Immigration Act (Canada) (1976)
The Immigration Act of 1976 marked a significant shift in Canadian immigration policy in limiting the wide discretionary powers of the minister of manpower and immigration. One of its major provision, in Section 7, required the minister to consult with the provinces regarding demographic factors and levels of immigration. Although the act coordinated the policies established in the 1952 Immigration Act and the various regulations subsequently passed, for the first time it expressly stated the goals of Canadian immigration policy, including family reunion, humanitarian concern for refugees, and targeted economic development. The measure, along with its attending regulations, nevertheless continued to promote a “Canadians first” policy and was designed to “support the attainment of such demographic goals as may be established by the government of Canada from time to time in respect of the size, rate of growth, structure and geographic distribution of the Canadian population.” The act took effect on April 10, 1978. It was amended more than 30 times, including major revisions in 1985 and 1992, before being replaced in 2002 with the Immigration and Refugee Protection Act.
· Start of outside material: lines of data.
lemma l_fun_eq_peak: "l_fun t b = peak (p_fun t) (q_fun t) b - t - sqrt 2"
  unfolding l_fun_def peak_def tangent_intercept_def sigma_hat_def crit_point_def sigma_lhs_def
  by simp

lemma peak_1_0:
  assumes "b \<ge> 1"
  shows "peak 1 0 b = sqrt 2"
proof -
  define s where "s = (sqrt (1/2) :: real)"
  have s: "0 < s" "s < 1" "sqrt (1 - s\<^sup>2) = s" "1 / s = sqrt 2" "s + s = sqrt 2"
    unfolding s_def by (auto simp: real_sqrt_divide field_simps)
  have "profile 1 0 b s \<le> peak 1 0 b" using profile_le_peak[of 1 0 b s] assms s by simp
  moreover have "peak 1 0 b \<le> tangent_intercept 1 0 b s"
    using peak_le_tangent_intercept[of 1 0 b s] assms s unfolding sigma_lhs_def by simp
  ultimately show ?thesis using s unfolding profile_def tangent_intercept_def by simp
qed

lemma delta_0_eq:
  assumes "b \<ge> 1"
  shows "delta_fun 0 b = peak 2 1 b - 2 - sqrt 2"
  using peak_1_0[OF assms] unfolding delta_fun_def l_fun_eq_peak
  by (simp add: q_fun_def p_fun_def)

lemma delta_1_eq: "delta_fun 1 b = peak 3 2 b - peak 2 1 b - 2"
  unfolding delta_fun_def l_fun_eq_peak by (simp add: q_fun_def p_fun_def)

lemma sqrt_diff_eq:
  assumes "0 \<le> v" "v < u"
  shows "sqrt u - sqrt v = (u - v) / (sqrt u + sqrt v)"
proof -
  have "(sqrt u - sqrt v) * (sqrt u + sqrt v) = u - v"
    using assms by (simp add: algebra_simps power2_eq_square[symmetric])
  moreover have "sqrt u + sqrt v > 0" using assms by (simp add: add_pos_nonneg)
  ultimately show ?thesis by (simp add: divide_simps)
qed

text \<open>Both increments equal \<open>(b'\<^sup>2 - b\<^sup>2)\<close> divided by a sum of two roots; for \<open>c \<le> 1/2\<close> that
  sum exceeds \<open>(b' + b)/2\<close>, which in turn bounds half the sum for \<open>a\<close>.\<close>
lemma sqrt_increment_lt_twice:
  assumes b: "1 \<le> b" "b < b'" and a: "0 \<le> a" "a \<le> 1" and c: "0 \<le> c" "c \<le> 1/2"
  shows "sqrt (b'\<^sup>2 - c\<^sup>2) - sqrt (b\<^sup>2 - c\<^sup>2) < 2 * (sqrt (b'\<^sup>2 - a\<^sup>2) - sqrt (b\<^sup>2 - a\<^sup>2))"
proof -
  have bb: "1 \<le> b\<^sup>2" "b\<^sup>2 < b'\<^sup>2" using b by (auto intro: power_strict_mono simp: one_le_power)
  have a2: "a\<^sup>2 \<le> 1" using a by (simp add: power_le_one)
  have c2: "c\<^sup>2 \<le> 1/4" using c power_mono[of c "1/2" 2] by (simp add: power_divide)
  define Sa where "Sa = sqrt (b'\<^sup>2 - a\<^sup>2) + sqrt (b\<^sup>2 - a\<^sup>2)"
  define Sc where "Sc = sqrt (b'\<^sup>2 - c\<^sup>2) + sqrt (b\<^sup>2 - c\<^sup>2)"
  have Sa_le: "Sa \<le> b' + b"
    using real_sqrt_le_mono[of "b'\<^sup>2 - a\<^sup>2" "b'\<^sup>2"] real_sqrt_le_mono[of "b\<^sup>2 - a\<^sup>2" "b\<^sup>2"] b
    unfolding Sa_def by simp
  have "b' / 2 < sqrt (b'\<^sup>2 - c\<^sup>2)"
    using bb c2 by (intro real_less_rsqrt) (simp add: power_divide)
  moreover have "b / 2 < sqrt (b\<^sup>2 - c\<^sup>2)"
    using bb c2 by (intro real_less_rsqrt) (simp add: power_divide)
  ultimately have Sa_Sc: "Sa < 2 * Sc" using Sa_le unfolding Sc_def by simp
  have "Sa > 0" unfolding Sa_def using bb a2 by (intro add_pos_nonneg) auto
  then have "(b'\<^sup>2 - b\<^sup>2) / Sc < 2 * ((b'\<^sup>2 - b\<^sup>2) / Sa)"
    using mult_strict_left_mono[OF Sa_Sc, of "b'\<^sup>2 - b\<^sup>2"] Sa_Sc bb by (simp add: field_simps)
  moreover have "sqrt (b'\<^sup>2 - a\<^sup>2) - sqrt (b\<^sup>2 - a\<^sup>2) = (b'\<^sup>2 - b\<^sup>2) / Sa"
    and "sqrt (b'\<^sup>2 - c\<^sup>2) - sqrt (b\<^sup>2 - c\<^sup>2) = (b'\<^sup>2 - b\<^sup>2) / Sc"
    unfolding Sa_def Sc_def using sqrt_diff_eq bb a2 c2 by auto
  ultimately show ?thesis by simp
qed

lemma crit_point_2_1_le_half:
  assumes "b \<ge> 1"
  shows "crit_point 2 1 b \<le> 1/2"
proof (rule crit_point_le)
  have "sqrt (b\<^sup>2 - (1/2)\<^sup>2) > 0" using assms by (intro sqrt_diff_square_pos) (auto simp: one_le_power)
  then have "0 \<le> 1 * (1/2) / sqrt (b\<^sup>2 - (1/2)\<^sup>2)" by simp
  moreover have "sqrt (3/4) < (1::real)" by simp
  then have "1 < 2 * (1/2) / sqrt (1 - (1/2)\<^sup>2 :: real)" by (simp add: power_divide)
  ultimately show "1 \<le> sigma_lhs 2 1 b (1/2)" unfolding sigma_lhs_def by linarith
qed (use assms in auto)

lemma delta_0_strict_mono: "strict_mono_on {1..} (delta_fun 0)"
  by (rule strict_mono_onI) (simp add: delta_0_eq peak_strict_mono)

lemma delta_1_strict_mono: "strict_mono_on {1..} (delta_fun 1)"
proof (rule strict_mono_onI)
  fix b b' :: real assume "b \<in> {1..}" "b' \<in> {1..}" "b < b'"
  then have b: "1 \<le> b" "b < b'" by auto
  define a where "a = crit_point 3 2 b"
  define c where "c = crit_point 2 1 b'"
  have a: "0 < a" "a < 1" using crit_point[of 3 2 b] b unfolding a_def by auto
  have c: "0 < c" "c \<le> 1/2" using crit_point[of 2 1 b'] crit_point_2_1_le_half[of b'] b
    unfolding c_def by auto
  have "2 * (sqrt (b'\<^sup>2 - a\<^sup>2) - sqrt (b\<^sup>2 - a\<^sup>2)) \<le> peak 3 2 b' - peak 3 2 b"
    using peak_diff_bounds(1)[of 3 2 b b'] b unfolding a_def by simp
  moreover have "peak 2 1 b' - peak 2 1 b \<le> sqrt (b'\<^sup>2 - c\<^sup>2) - sqrt (b\<^sup>2 - c\<^sup>2)"
    using peak_diff_bounds(2)[of 2 1 b b'] b unfolding c_def by simp
  ultimately show "delta_fun 1 b < delta_fun 1 b'"
    using sqrt_increment_lt_twice[OF b, of a c] a c unfolding delta_1_eq by simp
qed

lemma continuous_on_delta_0: "continuous_on {1..2} (delta_fun 0)"
proof -
  have "continuous_on {1..2} (\<lambda>b. peak 2 1 b - 2 - sqrt 2)"
    using continuous_on_peak[of 2 1] by (intro continuous_intros) auto
  then show ?thesis by (rule continuous_on_cong[THEN iffD1, rotated 2]) (auto simp: delta_0_eq)
qed

lemma continuous_on_delta_1: "continuous_on {1..2} (delta_fun 1)"
  unfolding delta_1_eq using continuous_on_peak[of 2 1] continuous_on_peak[of 3 2]
  by (intro continuous_intros) auto

lemma beta_c_between:
  assumes mono: "strict_mono_on {1..} (delta_fun k)"
    and cont: "continuous_on {1..2} (delta_fun k)"
    and ac: "1 \<le> a" "a \<le> c" "c \<le> sqrt 2"
    and signs: "delta_fun k a < 0" "0 < delta_fun k c"
  shows "a < beta_c k \<and> beta_c k < c"
proof -
  have "sqrt 2 \<le> (2::real)" by (rule real_le_lsqrt) auto
  then have "continuous_on {a..c} (delta_fun k)" using cont ac by (rule_tac continuous_on_subset) auto
  then obtain r where r: "a \<le> r" "r \<le> c" "delta_fun k r = 0"
    using IVT'[of "delta_fun k" a 0 c] ac signs by auto
  then have r_between: "a < r" "r < c" using signs by (auto simp: order.order_iff_strict)
  have "beta_c k = r" unfolding beta_c_def
  proof (rule the_equality)
    show "1 < r \<and> r < sqrt 2 \<and> delta_fun k r = 0" using r r_between ac by auto
    fix y assume "1 < y \<and> y < sqrt 2 \<and> delta_fun k y = 0"
    then show "y = r" using strict_mono_on_eqD[OF mono, of r y] r r_between ac by auto
  qed
  then show ?thesis using r_between by simp
qed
In 1973, the Department of Manpower and Immigration began a review of Canadian immigration policy, but an inadequate green paper led to nationwide public hearings on the matter under a special joint committee of the Senate and the House of Commons during 1975. The findings of the committee led directly to the Immigration Act of 1976. The new measure established three categories of immigrant: family class, independent class, and humanitarian class. Priority was given to family class immigrants. Independent immigrants, usually the most prosperous, applied on their own initiative and competed in a points system that suggested their ability to fill an economic need in Canada and to be successful. Within the independent class, skilled workers qualified under a nine-factor points system that assigned numerical values to education (16 points), vocational preparation (18 points), occupation demand (10 points), experience (8 points), arranged employment (10 points), demography (10 points), age (10 points), language (15 points), and personal suitability (10 points). A minimum of 70 points were required to qualify. Entrepreneurs were required to demonstrate that their ownership of a business would provide support for a minimum of six Canadians, exclusive of the entrepreneur’s family, and that they had a personal net worth of at least $300,000 and managerial experience. Investors were required to have a personal net worth of at least $500,000 and agree to invest a minimum of $250,000 in a Canadian company for a minimum of five years. Family-class immigrants, on the other hand, were exempt from the points requirements. Any Canadian citizen over 18 years of age could sponsor parents, grandparents over the age of 60, spouses or fiances, and unmarried children under 21, by guaranteeing 10 years of consecutive support. A subcategory in the family class was the assisted relative, requiring five years of support and subject to certain job-related and language qualifications. Finally, refugees were provided for as a part of the humanitarian obligation of the country, as defined by the 1951 United Nations Convention. The cabinet was given considerable latitude in easing entrance requirements for refugees, including the creation of categories of “displaced and persecuted” peoples who would not be required to meet normal entrance requirements for refugees.